How to Play Checkers

Checkers is a simple board game for all ages that is usually considered a stepping stone toward other, strategic board games such as chess. Also known as draught in other parts of the world, checkers requires little maintenance or skill. Checker boards usually come in 8×8 or 10×10 sizes with squares alternating between light and dark colors. A standard checker board will contain black and red, black and white or tan and brown squares.

History of Checkers

Checkers was originally known as Alquerque or Quirkat. Although the oldest surviving checker set only dates back to around 600 B.C., drawings and paintings of the game have been discovered from as far back as 1400 B.C. Originally popular in the Middle East, the game of checkers eventually spread to Egypt and cities in India. The first example of modern checkers appeared in France in the 12th century. However, the current number of squares on the board and pieces in each squares did not appear until as late as the 18th century. The first official international checkers tournament took place in 1847.

Rules of Checkers

The rules of checkers indicate that two players are required to play standard checkers. One player uses the black pieces and the opponent uses the red pieces. The red and black pieces are placed on opposite ends of the board on the dark-colored squares. For example, the black pieces will occupy every other square on one side of the board and the red pieces will occupy every other square on the other side of the board. On a standard 8×8 board, each player’s pieces will occupy 3 rows each. On a 10×10 board, each player’s pieces will occupy 4 rows each.

How to Play Checkers

How to Play Checkers

How to Play Checkers

Players take turns moving their pieces diagonally away from their starting squares and cannot move backwards. The player wielding the black pieces usually begins the game. When one colored piece, a black checker for example, reaches the other end of the board (“red” territory), that black piece becomes a “king” and another black checker is placed on top of the original one to symbolize kingship. A “king” can move forwards or backwards on the board.
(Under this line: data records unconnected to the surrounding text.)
lemma vnorm_net_perturbed_le:
  assumes "nonexpansive phi" "\<And>v. dim_vec (phi v) = dim_vec v" "nonexpansive phio"
    and "\<And>i. 1 \<le> i \<Longrightarrow> i \<le> d \<Longrightarrow> w i \<in> carrier_mat (\<delta> i) (\<delta> (i - 1))"
    and "\<And>i. 1 \<le> i \<Longrightarrow> i \<le> d \<Longrightarrow> w' i \<in> carrier_mat (\<delta> i) (\<delta> (i - 1))"
    and "\<And>i. i \<noteq> k \<Longrightarrow> w i = w' i"
    and "1 \<le> k" "k \<le> d"
    and "x \<in> carrier_vec (\<delta> 0)"
  shows "vnorm (net phi phio d w x - net phi phio d w' x)
         \<le> snorm (w k - w' k) * (\<Prod>i=Suc k..d. snorm (w i)) * vnorm (hidden phi w (k - 1) x)"
proof -
  obtain j where "d = Suc j" using assms(7,8) by (cases d) auto
  then show ?thesis
    unfolding net_def using vnorm_perturbed_layer_le[of phi phio j w \<delta> w' k x] assms by simp
qed

lemma prod_split_nat:
  fixes f :: "nat \<Rightarrow> 'a::comm_monoid_mult"
  assumes "m \<le> k" "k \<le> n"
  shows "prod f {m..n} = prod f {m..<k} * f k * prod f {Suc k..n}"
proof -
  have "{m..n} = {m..<k} \<union> {k..n}" using assms by auto
  then have "prod f {m..n} = prod f {m..<k} * prod f {k..n}"
    by (simp add: prod.union_disjoint ivl_disj_int)
  also have "prod f {k..n} = f k * prod f {Suc k..n}"
    using assms(2) by (rule prod.atLeast_Suc_atMost)
  finally show ?thesis by (simp add: mult.assoc)
qed

lemma prod_one_plus_le_exp_sum:
  fixes a :: "'a \<Rightarrow> real"
  assumes "\<And>i. i \<in> A \<Longrightarrow> 0 \<le> a i"
  shows "(\<Prod>i\<in>A. 1 + a i) \<le> exp (\<Sum>i\<in>A. a i)"
proof (cases "finite A")
  case True
  then show ?thesis
    unfolding exp_sum[OF True] using assms by (intro prod_mono) (auto simp: add.commute)
qed simp

theorem lemma1:
  fixes m d k :: nat and \<delta> :: "nat \<Rightarrow> nat" and R :: real
    and M W :: "nat \<Rightarrow> real mat" and \<alpha> :: "nat \<Rightarrow> real"
    and \<phi> \<phi>o :: "real vec \<Rightarrow> real vec" and x :: "real vec"
  assumes m_pos: "m > 0"
    and delta0: "\<delta> 0 = m"
    and delta_pos: "\<And>j. 1 \<le> j \<Longrightarrow> j \<le> d \<Longrightarrow> \<delta> j > 0"
    and R_pos: "R > 0"
    and M_dim: "\<And>j. 1 \<le> j \<Longrightarrow> j \<le> d \<Longrightarrow> M j \<in> carrier_mat (\<delta> j) (\<delta> (j - 1))"
    and M_pos: "\<And>j. 1 \<le> j \<Longrightarrow> j \<le> d \<Longrightarrow> snorm (M j) > 0"
    and alpha_pos: "\<And>j. 1 \<le> j \<Longrightarrow> j \<le> d \<Longrightarrow> \<alpha> j > 0"
    and phi_dim: "\<And>v. dim_vec (\<phi> v) = dim_vec v"
    and phi_lip: "\<And>u v. dim_vec u = dim_vec v \<Longrightarrow> vnorm (\<phi> u - \<phi> v) \<le> vnorm (u - v)"
    and phi_zero: "\<And>n. \<phi> (0\<^sub>v n) = 0\<^sub>v n"
    and phio: "\<phi>o = id \<or> \<phi>o = softmax"
    and d_ge: "d \<ge> 2"
    and k_range: "1 \<le> k" "k \<le> d"
    and W_dim: "\<And>i. 1 \<le> i \<Longrightarrow> i \<le> k \<Longrightarrow> W i \<in> carrier_mat (\<delta> i) (\<delta> (i - 1))"
    and W_ball: "\<And>i. 1 \<le> i \<Longrightarrow> i \<le> k \<Longrightarrow> snorm (W i - M i) \<le> \<alpha> i * snorm (M i)"
    and x_dim: "x \<in> carrier_vec m"
    and x_R: "vnorm x \<le> R"
  shows "vnorm (net \<phi> \<phi>o d (\<lambda>j. if j \<le> k then W j else M j) x
                - net \<phi> \<phi>o d (\<lambda>j. if j < k then W j else M j) x)
         \<le> \<alpha> k * exp (\<Sum>i=1..k-1. \<alpha> i) * (\<Prod>j=1..d. snorm (M j)) * vnorm x"
proof -
  define w1 where "w1 = (\<lambda>j. if j \<le> k then W j else M j)"
  define w2 where "w2 = (\<lambda>j. if j < k then W j else M j)"
  let ?P = "\<lambda>A. \<Prod>i\<in>A. snorm (M i)"
  have x: "x \<in> carrier_vec (\<delta> 0)" using x_dim delta0 by simp
  have \<phi>: "nonexpansive \<phi>" using phi_lip unfolding nonexpansive_def by blast
  have \<phi>o: "nonexpansive \<phi>o" using phio nonexpansive_id nonexpansive_softmax by blast
  have alpha_nonneg: "0 \<le> \<alpha> i" if "1 \<le> i" "i \<le> k" for i
    using alpha_pos[of i] that k_range by simp
  have hidden_le: "vnorm (hidden \<phi> w1 (k - 1) x) \<le> (\<Prod>i=1..k-1. 1 + \<alpha> i) * ?P {1..k-1} * vnorm x"
    using W_dim M_dim W_ball k_range
    by (intro vnorm_hidden_le_perturbed[where \<delta>=\<delta>] \<phi> phi_dim phi_zero x) (auto simp: w1_def)
  have "vnorm (net \<phi> \<phi>o d w1 x - net \<phi> \<phi>o d w2 x)
      \<le> snorm (W k - M k) * ?P {Suc k..d} * vnorm (hidden \<phi> w1 (k - 1) x)"
    using vnorm_net_perturbed_le[OF \<phi> phi_dim \<phi>o, of d w1 \<delta> w2 k x] W_dim M_dim k_range x
    by (auto simp: w1_def w2_def)
  also have "\<dots> \<le> (\<alpha> k * snorm (M k)) * ?P {Suc k..d} * ((\<Prod>i=1..k-1. 1 + \<alpha> i) * ?P {1..k-1} * vnorm x)"
    using W_ball[of k] hidden_le k_range alpha_nonneg
    by (intro mult_mono mult_nonneg_nonneg prod_nonneg snorm_nonneg vnorm_nonneg order.refl) auto
  also have "\<dots> = \<alpha> k * (\<Prod>i=1..k-1. 1 + \<alpha> i) * ?P {1..d} * vnorm x"
  proof -
    have "{1..<k} = {1..k-1}" using k_range by auto
    then show ?thesis
      using prod_split_nat[of 1 k d "\<lambda>i. snorm (M i)"] k_range by (simp add: mult_ac)
  qed
  also have "\<dots> \<le> \<alpha> k * exp (\<Sum>i=1..k-1. \<alpha> i) * ?P {1..d} * vnorm x"
    using alpha_nonneg k_range
    by (intro mult_right_mono mult_left_mono prod_one_plus_le_exp_sum prod_nonneg vnorm_nonneg snorm_nonneg) auto
  finally show ?thesis unfolding w1_def w2_def .
qed

end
The objective of checkers is to be the have the last piece standing in the game. Opposing pieces can “eat” or “jump” each other, in which case the player whose piece has just been “eaten” has to remove that piece from the board and give it to the opponent. The way this works is if you had black pieces and a red piece was located directly diagonal to one of your pieces, you would be allowed to jump it and remove the red piece provided that the space beyond the red piece was blank. You may also double or even triple jump your opponent if the opportunity arises. The player with the last remaining piece on the board wins the game.

Why Play Checkers?

Many people enjoy playing checkers because it is a simple game that takes little time and strategy. Once you develop a basic understanding of checkers, the game is pretty much straightforward like tic-tac-toe. Checkers is a youth-friendly and family-friendly game that is not expensive to purchase or maintain. It is also a fairly easy concept – all you have to do is remove your opponent’s pieces from the board. Because each piece in checkers is worth the same value and nearly every piece can move in an identical fashion (except in the case of “jumps”), checkers is much simpler than chess and much easier to learn.